Двадцать три года жизни на эстонском западе поэта, обожавшего русский север, со многим примиряют, в чём-то убаюкивают. Душа застывает, но не во льдах водопадного сердца, а в серых торосах молчания. Северянин оттаивает лишь в те мгновения, когда немудрый разговор теплит самовар или салазки мчатся с крутой горы меж густых зарослей кедров.

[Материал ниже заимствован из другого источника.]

(* Let $\Pi=\{P_0,P_1,Q_1,Q_2,Q_3\}$ (five unary relation symbols) and $\mathcal{R}=\{R\}$ (one binary relation symbol). Let $\mathcal{F}$ be the class of all pointed $\mathrm{SB}(\Pi)$-models $(M,w)$ whose domain is finite. Then there exists a $(\Pi,\mathcal{R})$-automaton $A$ that halts in $\mathcal{F}$ and is strongly nonlocal in $\mathcal{F}$.
   Context: Let $\Pi$ be a finite set of unary relation symbols and $\mathcal{R}=\{R_1,\dots,R_k\}$ a finite set of binary relation symbols. A $(\Pi,\mathcal{R})$-model $M$ consists of a nonempty domain $W$ together with interpretations $P^M\subseteq W$ for $P\in\Pi$ and $R_i^M\subseteq W\times W$; a pointed model is a pair $(M,w)$ with $w\in W$. An $\mathrm{SB}(\Pi)$-model is a $(\Pi,\{R\})$-model in which $R^M$ is symmetric and irreflexive. A $(\Pi,\mathcal{R})$-automaton is a tuple $A=(Q,\mathcal{M},\pi,\delta,\mu,F,G)$ where $Q$ (states) and $\mathcal{M}$ (messages) are nonempty finite or countably infinite sets, $\pi:\mathrm{Pow}(\Pi)\to Q$, $\delta:(\mathrm{Pow}(\mathcal{M}))^k\times Q\to Q$, $\mu:Q\times\mathcal{R}\to\mathcal{M}$, $F\subseteq Q$ (accepting states) and $G\subseteq Q\setminus F$ (rejecting states). Run on a model $M$ with domain $W$, it defines configurations $f_n:W\to Q$: $f_0(w)=\pi(\{P\in\Pi: w\in P^M\})$ and $f_{n+1}(w)=\delta((N_1,\dots,N_k),f_n(w))$ where $N_i=\{\mu(f_n(v),R_i): (w,v)\in R_i^M\}$. $A$ accepts $(M,w)$ in round $n$ if $f_n(w)\in F$ and $f_m(w)\notin G$ for all $m<n$; $A$ rejects $(M,w)$ in round $n$ if $f_n(w)\in G$ and $f_m(w)\notin F$ for all $m<n$. $A$ accepts (rejects) $(M,w)$ if it does so in some round. For a class $\mathcal{K}$ of pointed models: $A$ converges in $\mathcal{K}$ if it accepts or rejects every $(M,w)\in\mathcal{K}$; $A$ halts in $\mathcal{K}$ if it converges in $\mathcal{K}$ and, for every $(M,w)\in\mathcal{K}$, once $f_n(w)\in F\cup G$ for the first time, $f_m(w)=f_n(w)$ for all $m\ge n$. $A$ specifies a local algorithm in $\mathcal{K}$ if there is $n\in\mathbb{N}$ such that every $(M,w)\in\mathcal{K}$ is accepted or rejected by $A$ in some round $m\le n$. $A$ is strongly nonlocal in $\mathcal{K}$ if there is no $(\Pi,\mathcal{R})$-automaton $B$ that specifies a local algorithm in $\mathcal{K}$ and accepts exactly the same pointed models in $\mathcal{K}$ as $A$. *)

theory Defs
  imports Main
begin

text \<open>Unary symbols Pi = {P0,P1,Q1,Q2,Q3}; binary symbols indexed by a type 'r
  (for the theorem, 'r = unit, i.e. the single symbol R).
  Domains of models are sets of natural numbers (every finite domain is isomorphic
  to one); states and messages are natural numbers drawn from explicit carrier sets
  (every finite or countably infinite set embeds into nat).\<close>

datatype usym = P0 | P1 | Q1 | Q2 | Q3
text \<open>After one period some difference lies 3t cells left of b0: either the defect itself is
  carried left, or the value of b0 is, against a differing background value.\<close>

lemma difference_far_left:
  assumes defect: "blocked_defect u x" and late: "length u \<le> t"
  shows "\<exists>p. p \<le> b0 + 3 * int (length u) - 3 * int t \<and> p \<in> shift_diff u x t"
proof -
  obtain i where i: "in_class u i" "defect u x i"
    and below_i: "\<forall>q. in_class u q \<and> q < i \<longrightarrow> active (perturbed u x) q"
    using defect unfolding blocked_defect_def by blast
  have "i \<le> b0" using below_i b0_class b0_blocked by force
  obtain j where j: "in_class u j" "perturbed u x i \<noteq> background u j"
    using i(2) unfolding defect_def by blast
  show ?thesis
  proof (cases "perturbed u x i = background u i")
    case False
    let ?p = "i - 3 * int t"
    have p: "in_class u ?p" "?p \<le> b0" using i(1) \<open>i \<le> b0\<close> in_class_add3[of u ?p "int t"] by auto
    then have "?p \<in> shift_diff u x t"
      using class_diff_left_of_block False \<open>i \<le> b0\<close> by (simp add: min_def)
    then show ?thesis using \<open>i \<le> b0\<close> u_nonempty by (intro exI[of _ ?p]) auto
  next
    case True
    then obtain y where y: "in_class u y" "background u y \<noteq> perturbed u x b0"
      using i(1) j by metis
    obtain y' where y': "in_class u y'" "b0 \<le> y'" "y' < b0 + 3 * int (length u)"
      "background u y' = background u y"
      using class_site_in_window[OF y(1)] by blast
    let ?p = "y' - 3 * int t"
    have p: "in_class u ?p" "?p \<le> b0" using y' late in_class_add3[of u ?p "int t"] by auto
    then have "?p \<in> shift_diff u x t"
      using class_diff_left_of_block y y' by (simp add: min_def)
    then show ?thesis using y' by (intro exI[of _ ?p]) auto
  qed
qed

lemma unbounded_if_blocked_defect:
  assumes "blocked_defect u x"
  shows "\<not> width_bounded (shift_diff u x)"
proof
  assume "width_bounded (shift_diff u x)"
  then obtain w where w: "\<And>t. \<exists>a. shift_diff u x t \<subseteq> {a..<a + w}"
    unfolding width_bounded_def by blast
  define t where "t = length u + nat w + 1"
  obtain a where a: "shift_diff u x t \<subseteq> {a..<a + w}" using w by blast
  obtain d where d: "b0 - 1 \<le> d" "d \<in> shift_diff u x t" using difference_near_block by blast
  have "length u \<le> t" by (simp add: t_def)
  then obtain p where p: "p \<le> b0 + 3 * int (length u) - 3 * int t" "p \<in> shift_diff u x t"
    using difference_far_left[OF assms] by blast
  have "a \<le> p" "d < a + w" using a d p by auto
  moreover have "int t = int (length u) + int (nat w) + 1" "w \<le> int (nat w)" by (simp_all add: t_def)
  ultimately show False using p(1) d(1) by linarith
qed

end

lemma bounded_iff_no_blocked_defect:
  assumes full: "full_class u"
  shows "width_bounded (shift_diff u x) \<longleftrightarrow> \<not> blocked_defect u x"
proof (cases "\<exists>b. in_class u b \<and> \<not> active (perturbed u x) b")
  case True
  then obtain b where b: "in_class u b \<and> \<not> active (perturbed u x) b" by blast
  obtain b0 where b0: "in_class u b0 \<and> \<not> active (perturbed u x) b0"
    and least: "\<forall>q. in_class u q \<and> \<not> active (perturbed u x) q \<longrightarrow> b0 \<le> q"
    using least_int_exists[where P = "\<lambda>q. in_class u q \<and> \<not> active (perturbed u x) q", OF b]
      blocked_site_lower[OF full] by blast
  have "\<And>q. in_class u q \<Longrightarrow> q < b0 \<Longrightarrow> active (perturbed u x) q"
    using least by force
  then show ?thesis
    using bounded_left_of_block unbounded_if_blocked_defect full b0 by blast
next
  case False
  then show ?thesis
    using bounded_without_blocked_site[OF full] unfolding blocked_defect_def by blast
qed

theorem SInv_criterion: "SInv 27 u x \<longleftrightarrow> \<not> full_class u \<or> \<not> blocked_defect u x"
  using SInv_iff_shift_diff bounded_without_full_class bounded_iff_no_blocked_defect by blast
lemma neg_exp_integral_power:
  assumes "prob_measure_real M"
  shows "neg_exp_integral M (\<lambda>u. u ^ k) = enn2real (\<integral>\<^sup>+ x. neg_exp_power k x \<partial>M)"
  using prob_measure_real_sets[OF assms] unfolding neg_exp_integral_def neg_exp_power_def
  by (intro integral_eq_nn_integral) auto

lemma nn_integral_neg_exp_power_shift:
  fixes Q :: "real measure"
  assumes [measurable_cong]: "sets Q = sets borel" and Q_nonpos: "AE y in Q. y \<le> 0" and "x < 0"
  shows "(\<integral>\<^sup>+ y. neg_exp_power k (x + y) \<partial>Q) = (\<integral>\<^sup>+ y. ennreal (exp y ^ k) \<partial>Q) * neg_exp_power k x"
proof -
  have "AE y in Q. neg_exp_power k (x + y) = neg_exp_power k x * ennreal (exp y ^ k)"
    using Q_nonpos by eventually_elim
      (use \<open>x < 0\<close> in \<open>simp add: neg_exp_power_def exp_add power_mult_distrib ennreal_mult\<close>)
  then show ?thesis
    by (simp add: nn_integral_cmult[symmetric] mult.commute cong: nn_integral_cong_AE)
qed

lemma nn_integral_convolution_neg_exp_power:
  assumes pL: "prob_measure_real L" and pQ: "prob_measure_real Q" and Q_nonpos: "AE y in Q. y \<le> 0"
  shows "(\<integral>\<^sup>+ z. neg_exp_power k z \<partial>L \<star> Q)
    = (\<integral>\<^sup>+ x. indicator {0..} x * (\<integral>\<^sup>+ y. neg_exp_power k (x + y) \<partial>Q) \<partial>L)
      + (\<integral>\<^sup>+ y. ennreal (exp y ^ k) \<partial>Q) * (\<integral>\<^sup>+ x. neg_exp_power k x \<partial>L)"
proof -
  have sets_L[measurable_cong]: "sets L = sets borel" and sets_Q[measurable_cong]: "sets Q = sets borel"
    using pL pQ by (auto simp: prob_measure_real_sets)
  interpret Q: prob_space Q using pQ by (rule prob_measure_real_prob_space)
  define G where "G x = (\<integral>\<^sup>+ y. neg_exp_power k (x + y) \<partial>Q)" for x
  have [measurable]: "G \<in> borel_measurable borel"
    unfolding G_def by measurable
  have G_neg: "G x * indicator {..<0} x = (\<integral>\<^sup>+ y. ennreal (exp y ^ k) \<partial>Q) * neg_exp_power k x" for x
    by (cases "x < 0")
      (simp_all add: G_def nn_integral_neg_exp_power_shift[OF sets_Q Q_nonpos], simp add: neg_exp_power_def)
  have "(\<integral>\<^sup>+ z. neg_exp_power k z \<partial>L \<star> Q) = (\<integral>\<^sup>+ x. G x \<partial>L)"
    unfolding G_def using pL pQ
    by (intro nn_integral_convolution) (auto simp: prob_measure_real_finite_measure sets_L sets_Q)
  also have "\<dots> = (\<integral>\<^sup>+ x. indicator {0..} x * G x + G x * indicator {..<0} x \<partial>L)"
    by (rule nn_integral_cong) (auto simp: indicator_def)
  also have "\<dots> = (\<integral>\<^sup>+ x. indicator {0..} x * G x \<partial>L)
      + (\<integral>\<^sup>+ x. (\<integral>\<^sup>+ y. ennreal (exp y ^ k) \<partial>Q) * neg_exp_power k x \<partial>L)"
    by (subst nn_integral_add) (auto simp: G_neg)
  finally show ?thesis
    by (simp add: nn_integral_cmult G_def)
qed
(* Consider the generative logic with $\mu\to1$ in the setting below. Let $\Delta$ be a finite multiset of time-indexed formulas such that $E'(\Delta)=\emptyset$. Then for every $k\in\{1,\dots,K\}$, $p(D=d_k\mid\Delta)=p(D=d_k)=1/K$.
   Context: Let $\mathcal{L}$ be a propositional language and let $K,T\ge1$. There are data sequences $d_1,\dots,d_K$; repetitions are allowed, and data are identified by their index $k$. Each $d_k$ is associated with a sequence of models $m(d_k)=(m(d_k)^1,\dots,m(d_k)^T)$ of $\mathcal{L}$. The prior is $p(D=d_k)=1/K$. A time-indexed formula is written $\alpha^t$, with $\alpha\in\mathcal{L}$ and $1\le t\le T$. Write $[\![\alpha^t]\!]_k=1$ if $\alpha$ is true in $m(d_k)^t$, and $0$ otherwise. For $\mu\in(0,1)$ and a finite multiset $X$ of time-indexed formulas, define $$p(X\mid d_k,\mu)=\prod_{\alpha^t\in X}\mu^{[\![\alpha^t]\!]_k}(1-\mu)^{1-[\![\alpha^t]\!]_k}.$$ Then define $$p(D=d_k\mid\Delta)=\lim_{\mu\to1}\frac{p(\Delta\mid d_k,\mu)\,p(d_k)}{\sum_j p(\Delta\mid d_j,\mu)\,p(d_j)}.$$ An index $k$ is an evidence of $X$ if $[\![\alpha^t]\!]_k=1$ for all $\alpha^t\in X$. Let $E(X)$ be the set of such indices. $X$ is called founded if $E(X)\neq\emptyset$. Let $MFS(\Delta)$ be the set of nonempty founded sub-multisets $S\subseteq\Delta$ that have maximum cardinality among all nonempty founded sub-multisets of $\Delta$. Set $E'(\Delta)=\bigcup_{S\in MFS(\Delta)}E(S)$. This union is empty if $MFS(\Delta)=\emptyset$. Thus $E'(\Delta)=\emptyset$ iff no index is an evidence of any singleton of $\Delta$. *)

theory Defs
  imports "HOL-Analysis.Analysis" "HOL-Library.Multiset"
begin

text \<open>The data d_1..d_K are identified by their index k;
  mdl k t is the model m(d_k)^t.  A time-indexed formula alpha^t is a pair (alpha, t).\<close>

definition truth :: "('m \<Rightarrow> 'f \<Rightarrow> bool) \<Rightarrow> (nat \<Rightarrow> nat \<Rightarrow> 'm) \<Rightarrow> nat \<Rightarrow> 'f \<times> nat \<Rightarrow> nat" where
  "truth sat mdl k x = (if sat (mdl k (snd x)) (fst x) then 1 else 0)"

definition lik :: "('m \<Rightarrow> 'f \<Rightarrow> bool) \<Rightarrow> (nat \<Rightarrow> nat \<Rightarrow> 'm) \<Rightarrow> ('f \<times> nat) multiset \<Rightarrow> nat \<Rightarrow> real \<Rightarrow> real" where
  "lik sat mdl X k \<mu> =
     (\<Prod>x\<in>#X. \<mu> ^ truth sat mdl k x * (1 - \<mu>) ^ (1 - truth sat mdl k x))"

definition prior :: "nat \<Rightarrow> nat \<Rightarrow> real" where
  "prior K k = 1 / real K"

text \<open>The ratio inside the limit defining p(D = d_k | Delta).\<close>
definition post_ratio :: "('m \<Rightarrow> 'f \<Rightarrow> bool) \<Rightarrow> (nat \<Rightarrow> nat \<Rightarrow> 'm) \<Rightarrow> nat \<Rightarrow> ('f \<times> nat) multiset \<Rightarrow> nat \<Rightarrow> real \<Rightarrow> real" where
  "post_ratio sat mdl K \<Delta> k \<mu> =
     lik sat mdl \<Delta> k \<mu> * prior K k / (\<Sum>j\<in>{1..K}. lik sat mdl \<Delta> j \<mu> * prior K j)"

definition evidence :: "('m \<Rightarrow> 'f \<Rightarrow> bool) \<Rightarrow> (nat \<Rightarrow> nat \<Rightarrow> 'm) \<Rightarrow> nat \<Rightarrow> ('f \<times> nat) multiset \<Rightarrow> nat set" where
  "evidence sat mdl K X = {k \<in> {1..K}. \<forall>x\<in>#X. sat (mdl k (snd x)) (fst x)}"

definition founded :: "('m \<Rightarrow> 'f \<Rightarrow> bool) \<Rightarrow> (nat \<Rightarrow> nat \<Rightarrow> 'm) \<Rightarrow> nat \<Rightarrow> ('f \<times> nat) multiset \<Rightarrow> bool" where
  "founded sat mdl K X \<longleftrightarrow> evidence sat mdl K X \<noteq> {}"

definition MFS :: "('m \<Rightarrow> 'f \<Rightarrow> bool) \<Rightarrow> (nat \<Rightarrow> nat \<Rightarrow> 'm) \<Rightarrow> nat \<Rightarrow> ('f \<times> nat) multiset \<Rightarrow> ('f \<times> nat) multiset set" where
  "MFS sat mdl K \<Delta> = {S. S \<subseteq># \<Delta> \<and> S \<noteq> {#} \<and> founded sat mdl K S \<and>
     (\<forall>S'. S' \<subseteq># \<Delta> \<and> S' \<noteq> {#} \<and> founded sat mdl K S' \<longrightarrow> size S' \<le> size S)}"

definition evidence' :: "('m \<Rightarrow> 'f \<Rightarrow> bool) \<Rightarrow> (nat \<Rightarrow> nat \<Rightarrow> 'm) \<Rightarrow> nat \<Rightarrow> ('f \<times> nat) multiset \<Rightarrow> nat set" where
  "evidence' sat mdl K \<Delta> = (\<Union>S\<in>MFS sat mdl K \<Delta>. evidence sat mdl K S)"

end

theory Submission
  imports Defs
begin

text \<open>If \<open>E'(\<Delta>) = \<emptyset>\<close>, no datum satisfies any single formula of \<open>\<Delta>\<close>, so every
  likelihood equals \<open>(1 - \<mu>)^|\<Delta>|\<close>. All data are then equally likely and the
  posterior ratio is constantly the prior \<open>1/K\<close> for \<open>\<mu> < 1\<close>.\<close>

lemma MFS_nonempty:
  assumes "S \<subseteq># \<Delta>" and "S \<noteq> {#}" and "founded sat mdl K S"
  shows "MFS sat mdl K \<Delta> \<noteq> {}"
proof -
  define A where "A = {S. S \<subseteq># \<Delta> \<and> S \<noteq> {#} \<and> founded sat mdl K S}"
  have "S \<in> A" using assms by (simp add: A_def)
  have fin: "finite (size ` A)"
    by (rule finite_subset[of _ "{..size \<Delta>}"]) (auto simp: A_def size_mset_mono)
  have "Max (size ` A) \<in> size ` A" using fin \<open>S \<in> A\<close> by (intro Max_in) auto
  then obtain S' where "S' \<in> A" and "size S' = Max (size ` A)" by auto
  then have "S' \<in> MFS sat mdl K \<Delta>"
    using fin unfolding MFS_def A_def by (auto intro: Max_ge)
  then show ?thesis by blast
qed

lemma evidence'_empty_imp_not_sat:
  assumes "evidence' sat mdl K \<Delta> = {}" and "x \<in># \<Delta>" and "j \<in> {1..K}"
  shows "\<not> sat (mdl j (snd x)) (fst x)"
proof
  assume "sat (mdl j (snd x)) (fst x)"
  then have "founded sat mdl K {#x#}"
    using assms(3) by (auto simp: founded_def evidence_def)
  then obtain S where "S \<in> MFS sat mdl K \<Delta>"
    using MFS_nonempty[of "{#x#}" \<Delta> sat mdl K] assms(2) by auto
  then have "evidence sat mdl K S \<noteq> {}" by (simp add: MFS_def founded_def)
  with \<open>S \<in> MFS sat mdl K \<Delta>\<close> show False
    using assms(1) unfolding evidence'_def by auto
qed

lemma lik_if_none_sat:
  assumes "\<forall>x\<in>#X. \<not> sat (mdl k (snd x)) (fst x)"
  shows "lik sat mdl X k \<mu> = (1 - \<mu>) ^ size X"
proof -
  have "lik sat mdl X k \<mu> = (\<Prod>x\<in>#X. 1 - \<mu>)"
    unfolding lik_def using assms
    by (intro arg_cong[where f = prod_mset] image_mset_cong) (simp add: truth_def)
  then show ?thesis by simp
qed

lemma post_ratio_eq_prior_if_lik_const:
  assumes "K \<ge> 1" and "k \<in> {1..K}" and "c \<noteq> 0"
    and "\<And>j. j \<in> {1..K} \<Longrightarrow> lik sat mdl \<Delta> j \<mu> = c"
  shows "post_ratio sat mdl K \<Delta> k \<mu> = prior K k"
  using assms by (simp add: post_ratio_def prior_def field_simps)

theorem theorem4:
  fixes sat :: "'m \<Rightarrow> 'f \<Rightarrow> bool" and mdl :: "nat \<Rightarrow> nat \<Rightarrow> 'm"
    and K T :: nat and \<Delta> :: "('f \<times> nat) multiset" and k :: nat
  assumes "K \<ge> 1" and "T \<ge> 1"
    and "\<forall>x\<in>#\<Delta>. 1 \<le> snd x \<and> snd x \<le> T"
    and "evidence' sat mdl K \<Delta> = {}"
    and "k \<in> {1..K}"
  shows "(post_ratio sat mdl K \<Delta> k \<longlongrightarrow> prior K k) (at_left 1) \<and> prior K k = 1 / real K"
proof -
  have lik: "lik sat mdl \<Delta> j \<mu> = (1 - \<mu>) ^ size \<Delta>" if "j \<in> {1..K}" for j \<mu>
    using evidence'_empty_imp_not_sat[OF assms(4) _ that] by (simp add: lik_if_none_sat)
  have "post_ratio sat mdl K \<Delta> k \<mu> = prior K k" if "\<mu> < 1" for \<mu>
    using that by (intro post_ratio_eq_prior_if_lik_const[OF assms(1,5), of "(1 - \<mu>) ^ size \<Delta>"])
      (simp_all add: lik)
  then have "\<forall>\<^sub>F \<mu> in at_left 1. post_ratio sat mdl K \<Delta> k \<mu> = prior K k"
    by (intro eventually_at_leftI[of 0]) auto
  then have "(post_ratio sat mdl K \<Delta> k \<longlongrightarrow> prior K k) (at_left 1)"
    by (rule tendsto_eventually)
  then show ?thesis by (simp add: prior_def)
qed

end
(* For all integers $t\ge 4$ and $r\ge 3$, $C_r(n,M_t)=\Omega\!\left(n^{\frac{1}{2r+1}}\right)$ as $n\to\infty$, where $M_t$ is the $r$-graph consisting of $t$ pairwise disjoint edges.
   Context: An $r$-graph is an $r$-uniform hypergraph; $K_n^{(r)}$ is the complete $r$-graph on $n$ vertices. A copy of an $r$-graph $H$ in $K_n^{(r)}$ is a subhypergraph isomorphic to $H$. An $(n,r,H)$-local coloring with $k$ colors is a family of edge-colorings $f_v:E(K_n^{(r)})\to[k]$, one per vertex $v$, such that for every copy $T$ of $H$ there is $u\in V(T)$ with $f_u$ injective on $E(T)$. $C_r(n,H)$ is the minimum such $k$. *)

theory Defs
  imports Complex_Main
begin

text \<open>Vertices of K_n^(r) are 0..n-1; an edge is an r-subset of them.
  An r-graph H is given by its edge set (a set of vertex sets) over type 'a;
  its vertex set is the union of its edges.\<close>

definition complete_edges :: "nat \<Rightarrow> nat \<Rightarrow> nat set set" where
  "complete_edges n r = {e. e \<subseteq> {..<n} \<and> card e = r}"

definition hverts :: "'a set set \<Rightarrow> 'a set" where
  "hverts H = \<Union>H"

text \<open>A copy of H in K_n^(r): the image of H under an injective vertex map
  into {..<n} (its edges are then automatically edges of K_n^(r) whenever H is an r-graph).\<close>
definition is_copy :: "nat \<Rightarrow> nat \<Rightarrow> 'a set set \<Rightarrow> nat set set \<Rightarrow> bool" where
  "is_copy n r H T \<longleftrightarrow> T \<subseteq> complete_edges n r \<and>
     (\<exists>\<phi>. inj_on \<phi> (hverts H) \<and> \<phi> ` hverts H \<subseteq> {..<n} \<and> T = (\<lambda>e. \<phi> ` e) ` H)"

definition local_coloring :: "nat \<Rightarrow> nat \<Rightarrow> 'a set set \<Rightarrow> nat \<Rightarrow> (nat \<Rightarrow> nat set \<Rightarrow> nat) \<Rightarrow> bool" where
  "local_coloring n r H k f \<longleftrightarrow>
     (\<forall>v<n. \<forall>e\<in>complete_edges n r. f v e < k) \<and>
     (\<forall>T. is_copy n r H T \<longrightarrow> (\<exists>u\<in>hverts T. inj_on (f u) T))"

definition C_local :: "nat \<Rightarrow> nat \<Rightarrow> 'a set set \<Rightarrow> nat" where
  "C_local r n H = (LEAST k. \<exists>f. local_coloring n r H k f)"

definition matching :: "nat \<Rightarrow> nat \<Rightarrow> nat set set" where
  "matching r t = (\<lambda>i. {r*i..<r*i + r}) ` {..<t}"

end

theory Submission
  imports Defs "HOL-Library.FuncSet" "HOL-Library.Disjoint_Sets"
begin

text \<open>
  Fix a local coloring with k colors. Split off 2k disjoint low r-blocks D_0, ..., D_(2k-1); every
  remaining vertex u colors them with k colors, so f_u agrees on at least k pairs of low blocks, and
  averaging over the at most 4k^2 pairs yields a pair D_i, D_j on which f_u agrees for a 1/(4k)
  fraction of the remaining vertices. Pack k^(2r) + t - 3 disjoint edges into that fraction. Their
  color profiles on the at most 2r vertices of D_i and D_j take at most k^(2r) values, so two of them,
  E_a and E_b, get equal colors from every f_u with u in D_i or D_j. Then D_i, D_j, E_a, E_b and
  t - 4 further packed edges form a copy of M_t on which no f_u is injective. Hence
  n < 2kr + 4kr(k^(2r) + t - 3) = O(k^(2r+1)), i.e. k = Omega(n^(1/(2r+1))).
\<close>

section \<open>Blocks of consecutive vertices\<close>

definition block :: "nat \<Rightarrow> nat \<Rightarrow> nat set" where
  "block r i = {r*i..<r*i + r}"

lemma matching_eq_blocks: "matching r t = block r ` {..<t}"
  by (simp add: matching_def block_def)

lemma block_eq_image: "block r i = (+) (r*i) ` {..<r}"
  by (simp add: block_def atLeast0LessThan[symmetric] add.commute)

lemma finite_block [simp]: "finite (block r i)"
  by (simp add: block_def)

lemma card_block [simp]: "card (block r i) = r"
  by (simp add: block_def)

lemma block_subset_lessThan:
  assumes "i < m"
  shows "block r i \<subseteq> {..<r*m}"
proof -
  have "r*i + r \<le> r*m"
    using assms mult_le_mono2[of "Suc i" m r] by simp
  then show ?thesis by (auto simp: block_def)
qed

lemma block_in_complete_edges:
  assumes "i < m" "r * m \<le> n"
  shows "block r i \<in> complete_edges n r"
  using block_subset_lessThan[OF assms(1), of r] assms(2) by (auto simp: complete_edges_def)

lemma mem_block_iff:
  assumes "0 < r"
  shows "x \<in> block r i \<longleftrightarrow> x div r = i"
proof -
  have "r * (x div r) \<le> x" "x < r * (x div r) + r"
    using mult_div_mod_eq[of r x] mod_less_divisor[OF assms, of x] by linarith+
  then show ?thesis
    using assms by (auto simp: block_def div_nat_eqI mult.commute)
qed

lemma disjoint_family_block: "disjoint_family (block r)"
proof (cases "r = 0")
  case False
  then show ?thesis by (auto simp: disjoint_family_on_def mem_block_iff)
qed (simp add: disjoint_family_on_def block_def)

lemma lessThan_mult_eq_UN_block: "{..<r*t} = (\<Union>l<t. block r l)"
proof (induction t)
  case (Suc t)
  have "{..<r*Suc t} = {..<r*t} \<union> block r t"
    by (auto simp: block_def)
  then show ?case
    using Suc by (simp add: lessThan_Suc Un_commute)
qed simp

lemma hverts_matching: "hverts (matching r t) = {..<r*t}"
  by (simp add: hverts_def matching_eq_blocks lessThan_mult_eq_UN_block)

section \<open>Counting lemmas\<close>

lemma exists_map_blocks_onto:
  assumes F: "\<forall>l<t. finite (F l) \<and> card (F l) = r" and disj: "disjoint_family_on F {..<t}"
  obtains \<phi> where "inj_on \<phi> {..<r*t}" "\<forall>l<t. \<phi> ` block r l = F l"
proof -
  have "\<exists>\<beta>. bij_betw \<beta> {..<r} (F l)" if "l < t" for l
    using ex_bij_betw_nat_finite[of "F l"] F that by (simp add: atLeast0LessThan)
  then obtain b where b: "\<And>l. l < t \<Longrightarrow> bij_betw (b l) {..<r} (F l)"
    by metis
  define \<phi> where "\<phi> x = b (x div r) (x mod r)" for x
  have onto: "\<phi> ` block r l = F l" if "l < t" for l
  proof -
    have "\<phi> ` block r l = b l ` {..<r}"
      unfolding block_eq_image image_image by (rule image_cong) (auto simp: \<phi>_def)
    then show ?thesis
      using b[OF that] by (simp add: bij_betw_def)
  qed
  \<comment> \<open>injectivity by counting: the image is a disjoint union of t sets of size r\<close>
  have "card (\<phi> ` {..<r*t}) = card (\<Union>l<t. F l)"
    unfolding lessThan_mult_eq_UN_block image_UN using onto by simp
  also have "\<dots> = r*t"
    using F disj by (subst card_UN_disjoint) (auto simp: disjoint_family_on_def)
  finally have "inj_on \<phi> {..<r*t}"
    by (intro eq_card_imp_inj_on) simp_all
  with onto show ?thesis
    using that by blast
qed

"Я теперь понял Северянина, — сказал Блок в 1919 году. — Это — капитан Лебядкин. Я даже думаю написать статью "Игорь Северянин и капитан Лебядкин". И он прибавил: "Ведь стихи капитана Лебядкина очень хорошие".

Не более чем сон

Мне удивительный вчера приснился сон:

Я ехал с девушкой, стихи читавшей Блока.

Лошадка тихо шла. Шуршало колесо.

И слёзы капали. И вился русый локон…

И больше ничего мой сон не содержал…

Но, потрясённый им, взволнованный глубоко,

Весь день я думаю, встревоженно дрожа,

О странной девушке, не позабывшей Блока…

1927

Близкие и родные люди, выплеснутые живым Океаном, навещают одиноких и замкнутых в себе самих пилотов на орбите исследовательской станции Соляриса. Удивительный сон о девушке, стихи читавшей Блока. Весь день все мысли о ней. И вечером сквозь сумрак коридора одно и то же видение, естественное, как русый локон, тревожное, как чувство любви. Постоянные возвращения одного и того же предмета мысли, политерии. Чудища. Океан предлагает нам наши души, самое сокровенное, самое дорогое в них:

"…дилемма, которую мы не сможем разрешить. Мы преследуем самих себя. Политерии применили только подобие избирательного усилителя наших мыслей. Поиски мотивов этого явления — антропоморфизм. Где нет человека, там нет доступных для него мотивов. Чтобы продолжать исследования, необходимо уничтожить либо собственные мысли, либо их материальную реализацию. Первое не в наших силах. Второе слишком напоминает убийство" (Лем, "Солярис").

Всеприемлемость

Одно — сказать: "Все люди правы".

Иное — оправдать разбой.

Одно — искать позорной славы.

Иное — славы голубой.

Холопом называть профана

Не значит: брата — «мужиком».

Я, слившийся с природой рано,

С таким наречьем незнаком…

Любя культурные изыски

Не меньше истых горожан,

Люблю все шорохи, все писки

Весенних лесовых полян.

Любя эксцессные ликёры

И разбираясь в них легко,

Люблю зелёные просторы,

Дающие мне молоко.

Я выпью жизнь из полной чаши,

Пока не скажет смерть: "Пора!"

Сегодня — гречневая каша,

А завтра — свежая икра!..

Действительно, детский талант — прав был Александр Блок. Талант, который трагедию жизни претворял в грёзофарс. "- Ты кукла. Но ты об этом не знаешь. — А ты знаешь, кто ты?" (Лем, "Солярис"). Да и что мы можем знать о том великом Эго, которое ощущал в себе Северянин? О том океане мысли детской чистоты, звучавшем в нём, Эго, воспетом им всерьёз, а не для шутки и не для пародии.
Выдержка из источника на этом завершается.